═════ Records provided

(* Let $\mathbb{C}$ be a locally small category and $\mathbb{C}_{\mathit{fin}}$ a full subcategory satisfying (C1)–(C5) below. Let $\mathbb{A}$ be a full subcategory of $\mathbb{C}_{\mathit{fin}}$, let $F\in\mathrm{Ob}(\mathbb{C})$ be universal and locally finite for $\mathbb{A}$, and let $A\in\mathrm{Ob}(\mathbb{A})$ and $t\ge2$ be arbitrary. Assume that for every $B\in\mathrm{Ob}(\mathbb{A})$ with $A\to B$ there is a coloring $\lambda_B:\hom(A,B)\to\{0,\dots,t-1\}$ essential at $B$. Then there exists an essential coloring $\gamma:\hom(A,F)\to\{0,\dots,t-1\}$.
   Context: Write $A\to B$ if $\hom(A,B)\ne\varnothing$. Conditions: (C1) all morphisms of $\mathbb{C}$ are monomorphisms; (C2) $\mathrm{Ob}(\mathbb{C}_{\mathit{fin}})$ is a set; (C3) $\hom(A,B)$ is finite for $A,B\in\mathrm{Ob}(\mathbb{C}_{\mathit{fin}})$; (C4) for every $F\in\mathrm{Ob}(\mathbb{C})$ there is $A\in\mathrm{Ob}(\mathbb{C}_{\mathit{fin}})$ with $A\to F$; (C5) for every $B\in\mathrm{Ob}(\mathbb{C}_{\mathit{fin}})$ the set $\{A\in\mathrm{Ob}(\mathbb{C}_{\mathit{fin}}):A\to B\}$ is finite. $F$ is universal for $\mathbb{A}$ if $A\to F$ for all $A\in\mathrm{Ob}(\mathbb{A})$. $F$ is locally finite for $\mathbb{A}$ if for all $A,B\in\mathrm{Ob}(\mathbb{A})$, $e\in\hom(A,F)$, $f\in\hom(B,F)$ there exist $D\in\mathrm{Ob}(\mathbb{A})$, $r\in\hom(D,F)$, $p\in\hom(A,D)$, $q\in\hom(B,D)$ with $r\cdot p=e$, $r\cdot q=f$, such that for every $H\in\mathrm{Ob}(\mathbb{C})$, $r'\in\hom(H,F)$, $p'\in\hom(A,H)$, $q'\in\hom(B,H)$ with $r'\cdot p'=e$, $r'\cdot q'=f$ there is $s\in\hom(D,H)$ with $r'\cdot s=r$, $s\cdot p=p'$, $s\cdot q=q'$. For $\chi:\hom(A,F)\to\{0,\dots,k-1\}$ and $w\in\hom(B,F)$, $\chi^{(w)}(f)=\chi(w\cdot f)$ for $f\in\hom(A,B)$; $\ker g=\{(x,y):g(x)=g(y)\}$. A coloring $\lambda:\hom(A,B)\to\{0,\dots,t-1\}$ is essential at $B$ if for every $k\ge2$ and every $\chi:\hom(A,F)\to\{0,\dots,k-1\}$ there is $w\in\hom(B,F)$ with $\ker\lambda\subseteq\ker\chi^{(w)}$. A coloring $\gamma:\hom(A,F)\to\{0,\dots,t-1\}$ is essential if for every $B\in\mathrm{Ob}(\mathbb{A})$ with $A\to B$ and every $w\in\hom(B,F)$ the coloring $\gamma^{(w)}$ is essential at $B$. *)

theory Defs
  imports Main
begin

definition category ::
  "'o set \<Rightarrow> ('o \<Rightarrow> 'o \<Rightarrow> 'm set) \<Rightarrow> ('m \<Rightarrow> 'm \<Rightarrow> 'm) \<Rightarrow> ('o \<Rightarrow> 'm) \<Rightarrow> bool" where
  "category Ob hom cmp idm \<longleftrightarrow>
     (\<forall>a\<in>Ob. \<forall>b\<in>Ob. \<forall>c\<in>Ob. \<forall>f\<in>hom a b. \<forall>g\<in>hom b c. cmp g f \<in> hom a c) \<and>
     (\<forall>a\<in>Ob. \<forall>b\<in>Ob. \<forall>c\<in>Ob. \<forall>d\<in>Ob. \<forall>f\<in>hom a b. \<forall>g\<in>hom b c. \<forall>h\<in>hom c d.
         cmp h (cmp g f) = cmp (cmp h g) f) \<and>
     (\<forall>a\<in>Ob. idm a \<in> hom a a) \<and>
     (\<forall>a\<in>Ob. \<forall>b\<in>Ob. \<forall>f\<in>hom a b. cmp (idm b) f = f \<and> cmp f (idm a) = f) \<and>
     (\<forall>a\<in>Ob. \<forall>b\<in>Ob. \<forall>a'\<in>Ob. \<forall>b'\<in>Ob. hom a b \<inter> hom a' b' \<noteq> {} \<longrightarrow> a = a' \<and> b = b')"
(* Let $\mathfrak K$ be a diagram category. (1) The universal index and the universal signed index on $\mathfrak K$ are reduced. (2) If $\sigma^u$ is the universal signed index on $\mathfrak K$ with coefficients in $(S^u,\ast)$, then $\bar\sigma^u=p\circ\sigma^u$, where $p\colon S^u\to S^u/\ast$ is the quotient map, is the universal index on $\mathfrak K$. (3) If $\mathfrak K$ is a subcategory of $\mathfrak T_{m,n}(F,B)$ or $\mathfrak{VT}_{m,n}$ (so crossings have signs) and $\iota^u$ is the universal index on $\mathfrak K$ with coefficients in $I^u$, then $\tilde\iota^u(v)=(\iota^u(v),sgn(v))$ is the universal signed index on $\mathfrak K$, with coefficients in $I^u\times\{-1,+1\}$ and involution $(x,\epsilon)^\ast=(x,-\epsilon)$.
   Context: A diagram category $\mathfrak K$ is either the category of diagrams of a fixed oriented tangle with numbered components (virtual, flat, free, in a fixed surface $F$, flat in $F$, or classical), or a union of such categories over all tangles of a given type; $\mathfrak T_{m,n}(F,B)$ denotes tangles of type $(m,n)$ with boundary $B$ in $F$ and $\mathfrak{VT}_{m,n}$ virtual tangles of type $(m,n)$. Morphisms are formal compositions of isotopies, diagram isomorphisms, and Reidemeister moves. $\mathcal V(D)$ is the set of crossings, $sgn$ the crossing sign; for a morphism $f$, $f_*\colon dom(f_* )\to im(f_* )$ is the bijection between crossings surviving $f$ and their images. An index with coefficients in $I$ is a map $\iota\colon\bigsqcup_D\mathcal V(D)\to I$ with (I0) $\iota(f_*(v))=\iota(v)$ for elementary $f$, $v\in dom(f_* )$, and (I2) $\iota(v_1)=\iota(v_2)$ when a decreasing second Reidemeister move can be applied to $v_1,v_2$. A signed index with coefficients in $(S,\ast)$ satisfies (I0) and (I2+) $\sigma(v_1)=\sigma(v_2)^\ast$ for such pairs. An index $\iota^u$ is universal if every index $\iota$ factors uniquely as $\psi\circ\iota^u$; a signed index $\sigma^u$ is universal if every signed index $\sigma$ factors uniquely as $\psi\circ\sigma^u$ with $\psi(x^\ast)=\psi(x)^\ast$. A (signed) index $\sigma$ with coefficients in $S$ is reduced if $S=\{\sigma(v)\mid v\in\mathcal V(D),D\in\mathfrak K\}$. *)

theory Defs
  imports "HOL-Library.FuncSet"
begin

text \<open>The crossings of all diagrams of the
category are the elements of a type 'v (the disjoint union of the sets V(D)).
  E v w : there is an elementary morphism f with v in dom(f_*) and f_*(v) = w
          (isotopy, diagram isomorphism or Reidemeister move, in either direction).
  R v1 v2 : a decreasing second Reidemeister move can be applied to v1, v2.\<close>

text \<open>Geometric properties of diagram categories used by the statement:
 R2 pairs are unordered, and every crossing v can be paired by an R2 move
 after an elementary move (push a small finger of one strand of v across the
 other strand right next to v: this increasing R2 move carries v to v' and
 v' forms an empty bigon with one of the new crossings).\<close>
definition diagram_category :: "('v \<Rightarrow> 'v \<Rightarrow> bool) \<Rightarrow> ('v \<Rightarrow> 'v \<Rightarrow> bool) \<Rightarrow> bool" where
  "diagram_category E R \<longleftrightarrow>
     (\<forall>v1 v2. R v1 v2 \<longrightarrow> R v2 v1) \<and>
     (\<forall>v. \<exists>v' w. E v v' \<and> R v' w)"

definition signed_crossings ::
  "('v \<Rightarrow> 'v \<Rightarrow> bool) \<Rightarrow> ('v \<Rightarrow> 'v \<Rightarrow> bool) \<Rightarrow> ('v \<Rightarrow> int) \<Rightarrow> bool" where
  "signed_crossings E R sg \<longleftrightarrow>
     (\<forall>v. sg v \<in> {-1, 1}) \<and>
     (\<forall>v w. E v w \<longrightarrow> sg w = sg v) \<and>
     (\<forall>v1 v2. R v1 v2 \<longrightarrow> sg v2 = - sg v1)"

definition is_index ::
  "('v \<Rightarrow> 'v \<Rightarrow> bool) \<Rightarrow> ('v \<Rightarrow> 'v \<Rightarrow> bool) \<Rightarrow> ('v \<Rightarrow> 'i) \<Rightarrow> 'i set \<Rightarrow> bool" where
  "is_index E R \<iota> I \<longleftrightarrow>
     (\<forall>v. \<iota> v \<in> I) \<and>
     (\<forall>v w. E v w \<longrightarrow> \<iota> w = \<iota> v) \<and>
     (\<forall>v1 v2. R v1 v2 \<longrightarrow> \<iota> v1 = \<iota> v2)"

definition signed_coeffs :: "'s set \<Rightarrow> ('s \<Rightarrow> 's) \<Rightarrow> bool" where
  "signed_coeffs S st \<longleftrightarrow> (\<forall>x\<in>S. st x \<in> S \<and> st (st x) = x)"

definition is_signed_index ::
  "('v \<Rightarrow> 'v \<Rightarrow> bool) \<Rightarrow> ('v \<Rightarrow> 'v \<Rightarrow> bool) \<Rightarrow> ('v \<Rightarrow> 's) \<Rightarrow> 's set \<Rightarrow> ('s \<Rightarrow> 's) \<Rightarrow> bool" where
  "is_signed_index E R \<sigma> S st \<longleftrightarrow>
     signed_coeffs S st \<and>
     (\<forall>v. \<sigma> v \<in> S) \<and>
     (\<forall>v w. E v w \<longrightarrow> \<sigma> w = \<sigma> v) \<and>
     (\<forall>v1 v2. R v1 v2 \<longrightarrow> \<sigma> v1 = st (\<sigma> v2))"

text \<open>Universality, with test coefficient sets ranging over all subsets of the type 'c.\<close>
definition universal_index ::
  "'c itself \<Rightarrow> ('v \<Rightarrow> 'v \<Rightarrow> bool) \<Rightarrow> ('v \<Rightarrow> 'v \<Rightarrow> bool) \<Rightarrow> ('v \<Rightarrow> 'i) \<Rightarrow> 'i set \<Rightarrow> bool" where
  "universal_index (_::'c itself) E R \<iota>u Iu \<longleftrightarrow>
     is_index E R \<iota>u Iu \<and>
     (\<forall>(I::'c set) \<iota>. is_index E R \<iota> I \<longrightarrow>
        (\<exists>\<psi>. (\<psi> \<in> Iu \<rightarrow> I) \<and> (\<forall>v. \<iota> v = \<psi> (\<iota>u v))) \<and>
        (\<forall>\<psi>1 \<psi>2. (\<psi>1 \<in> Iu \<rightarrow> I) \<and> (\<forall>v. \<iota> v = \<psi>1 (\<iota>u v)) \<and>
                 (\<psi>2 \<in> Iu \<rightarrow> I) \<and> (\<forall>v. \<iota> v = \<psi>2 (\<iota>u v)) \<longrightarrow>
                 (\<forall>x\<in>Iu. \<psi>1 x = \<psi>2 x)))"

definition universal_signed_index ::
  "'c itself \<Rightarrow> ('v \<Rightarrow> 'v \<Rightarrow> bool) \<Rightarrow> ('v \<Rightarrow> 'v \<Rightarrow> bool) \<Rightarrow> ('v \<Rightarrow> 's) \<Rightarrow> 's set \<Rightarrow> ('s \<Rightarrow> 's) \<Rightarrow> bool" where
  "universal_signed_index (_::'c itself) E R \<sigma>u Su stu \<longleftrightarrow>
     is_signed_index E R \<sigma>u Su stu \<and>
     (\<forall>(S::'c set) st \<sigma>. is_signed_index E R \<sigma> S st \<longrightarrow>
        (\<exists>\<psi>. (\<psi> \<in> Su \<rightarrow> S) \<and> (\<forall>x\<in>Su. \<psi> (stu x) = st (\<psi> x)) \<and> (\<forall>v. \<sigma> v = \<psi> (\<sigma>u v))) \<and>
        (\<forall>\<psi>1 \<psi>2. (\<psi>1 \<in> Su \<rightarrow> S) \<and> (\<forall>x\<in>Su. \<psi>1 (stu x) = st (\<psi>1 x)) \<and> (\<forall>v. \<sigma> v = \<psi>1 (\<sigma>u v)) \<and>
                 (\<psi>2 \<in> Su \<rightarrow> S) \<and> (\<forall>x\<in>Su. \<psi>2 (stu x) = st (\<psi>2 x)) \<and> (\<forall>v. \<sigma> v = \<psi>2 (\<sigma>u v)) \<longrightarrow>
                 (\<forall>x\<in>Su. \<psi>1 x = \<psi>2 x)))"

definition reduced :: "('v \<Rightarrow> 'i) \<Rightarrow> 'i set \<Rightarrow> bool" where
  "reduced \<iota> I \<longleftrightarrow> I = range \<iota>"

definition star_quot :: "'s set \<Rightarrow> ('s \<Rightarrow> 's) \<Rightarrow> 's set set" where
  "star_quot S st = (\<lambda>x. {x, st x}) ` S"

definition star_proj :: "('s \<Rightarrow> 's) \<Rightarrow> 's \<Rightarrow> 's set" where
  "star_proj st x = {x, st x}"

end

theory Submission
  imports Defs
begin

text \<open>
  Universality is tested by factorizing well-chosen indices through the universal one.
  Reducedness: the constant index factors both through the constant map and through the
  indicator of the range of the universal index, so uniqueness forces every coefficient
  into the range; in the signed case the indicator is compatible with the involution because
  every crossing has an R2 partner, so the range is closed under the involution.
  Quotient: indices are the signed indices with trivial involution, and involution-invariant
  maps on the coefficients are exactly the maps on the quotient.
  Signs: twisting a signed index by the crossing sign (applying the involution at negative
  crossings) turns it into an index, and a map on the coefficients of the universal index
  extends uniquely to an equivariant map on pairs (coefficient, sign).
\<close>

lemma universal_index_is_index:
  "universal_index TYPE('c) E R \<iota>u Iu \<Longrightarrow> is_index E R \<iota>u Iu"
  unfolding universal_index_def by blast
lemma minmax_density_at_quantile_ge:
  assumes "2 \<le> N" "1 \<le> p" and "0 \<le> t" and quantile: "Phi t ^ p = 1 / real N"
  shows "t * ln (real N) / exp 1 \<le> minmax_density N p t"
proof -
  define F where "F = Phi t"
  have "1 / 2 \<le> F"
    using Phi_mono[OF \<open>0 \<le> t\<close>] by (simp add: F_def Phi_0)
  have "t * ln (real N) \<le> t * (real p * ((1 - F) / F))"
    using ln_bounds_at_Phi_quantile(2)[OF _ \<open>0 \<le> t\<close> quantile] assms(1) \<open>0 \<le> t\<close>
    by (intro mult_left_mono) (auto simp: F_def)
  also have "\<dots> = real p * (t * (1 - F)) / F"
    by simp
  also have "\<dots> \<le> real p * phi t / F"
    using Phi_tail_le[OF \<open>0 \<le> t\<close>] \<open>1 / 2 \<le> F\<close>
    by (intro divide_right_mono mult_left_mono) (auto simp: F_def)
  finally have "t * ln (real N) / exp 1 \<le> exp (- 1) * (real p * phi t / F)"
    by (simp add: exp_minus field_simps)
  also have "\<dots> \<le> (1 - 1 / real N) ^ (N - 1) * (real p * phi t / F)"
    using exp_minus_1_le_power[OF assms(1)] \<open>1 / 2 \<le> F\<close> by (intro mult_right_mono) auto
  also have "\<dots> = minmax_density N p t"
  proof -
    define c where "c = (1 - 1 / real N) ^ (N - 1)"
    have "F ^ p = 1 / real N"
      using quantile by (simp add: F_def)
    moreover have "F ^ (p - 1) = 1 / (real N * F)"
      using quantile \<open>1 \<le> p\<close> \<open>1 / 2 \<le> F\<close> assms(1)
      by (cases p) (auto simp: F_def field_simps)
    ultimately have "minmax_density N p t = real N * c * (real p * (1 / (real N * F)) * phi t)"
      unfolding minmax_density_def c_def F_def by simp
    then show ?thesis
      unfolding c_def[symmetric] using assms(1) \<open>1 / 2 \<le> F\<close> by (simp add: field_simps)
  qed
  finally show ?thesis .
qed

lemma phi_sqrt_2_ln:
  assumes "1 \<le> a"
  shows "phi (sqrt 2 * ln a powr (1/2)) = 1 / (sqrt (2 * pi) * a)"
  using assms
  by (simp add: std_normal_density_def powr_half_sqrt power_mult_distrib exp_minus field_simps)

══════════

Among the lines above, find those containing the word "auto" and copy each.

    by (intro mult_left_mono) (auto simp: F_def)
    by (intro divide_right_mono mult_left_mono) (auto simp: F_def)
    using exp_minus_1_le_power[OF assms(1)] \<open>1 / 2 \<le> F\<close> by (intro mult_right_mono) auto
      by (cases p) (auto simp: F_def field_simps)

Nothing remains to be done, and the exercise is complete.